Stored items
__________
section \<open>Integrals over intervals and exponential weights\<close>

lemma tendsto_indicator_Icc_scaleR:
  fixes G :: "real \<Rightarrow> real \<Rightarrow> 'b::real_normed_vector"
  assumes lim: "u \<longlonglongrightarrow> a" and "r \<noteq> a"
    and cont: "0 \<le> r \<Longrightarrow> r < a \<Longrightarrow> (\<lambda>n. G (u n) r) \<longlonglongrightarrow> G a r"
  shows "(\<lambda>n. indicator {0..u n} r *\<^sub>R G (u n) r) \<longlonglongrightarrow> indicator {0..a} r *\<^sub>R G a r"
proof -
  consider "r < 0" | "0 \<le> r" "r < a" | "a < r" using \<open>r \<noteq> a\<close> by linarith
  then show ?thesis
  proof cases
    case 2
    have "\<forall>\<^sub>F n in sequentially. G (u n) r = indicator {0..u n} r *\<^sub>R G (u n) r"
      using order_tendstoD(1)[OF lim \<open>r < a\<close>] by eventually_elim (use 2 in \<open>auto simp: indicator_def\<close>)
    with cont[OF 2] have "(\<lambda>n. indicator {0..u n} r *\<^sub>R G (u n) r) \<longlonglongrightarrow> G a r"
      by (rule Lim_transform_eventually)
    then show ?thesis using 2 by (simp add: indicator_def)
  next
    case 3
    have "\<forall>\<^sub>F n in sequentially. 0 = indicator {0..u n} r *\<^sub>R G (u n) r"
      using order_tendstoD(2)[OF lim \<open>a < r\<close>] by eventually_elim (auto simp: indicator_def)
    then have "(\<lambda>n. indicator {0..u n} r *\<^sub>R G (u n) r) \<longlonglongrightarrow> 0"
      by (rule Lim_transform_eventually[OF tendsto_const])
    then show ?thesis using 3 by (simp add: indicator_def)
  qed (simp add: indicator_def)
qed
__________
# ASSIGNMENT:
Copy only this part of the entries above: the line with "in sequentially. G", the line with "in sequentially. 0", and the lines between, all exactly as written.

# RESULT FOR THIS TASK:
    have "\<forall>\<^sub>F n in sequentially. G (u n) r = indicator {0..u n} r *\<^sub>R G (u n) r"
      using order_tendstoD(1)[OF lim \<open>r < a\<close>] by eventually_elim (use 2 in \<open>auto simp: indicator_def\<close>)
    with cont[OF 2] have "(\<lambda>n. indicator {0..u n} r *\<^sub>R G (u n) r) \<longlonglongrightarrow> G a r"
      by (rule Lim_transform_eventually)
    then show ?thesis using 2 by (simp add: indicator_def)
  next
    case 3
    have "\<forall>\<^sub>F n in sequentially. 0 = indicator {0..u n} r *\<^sub>R G (u n) r"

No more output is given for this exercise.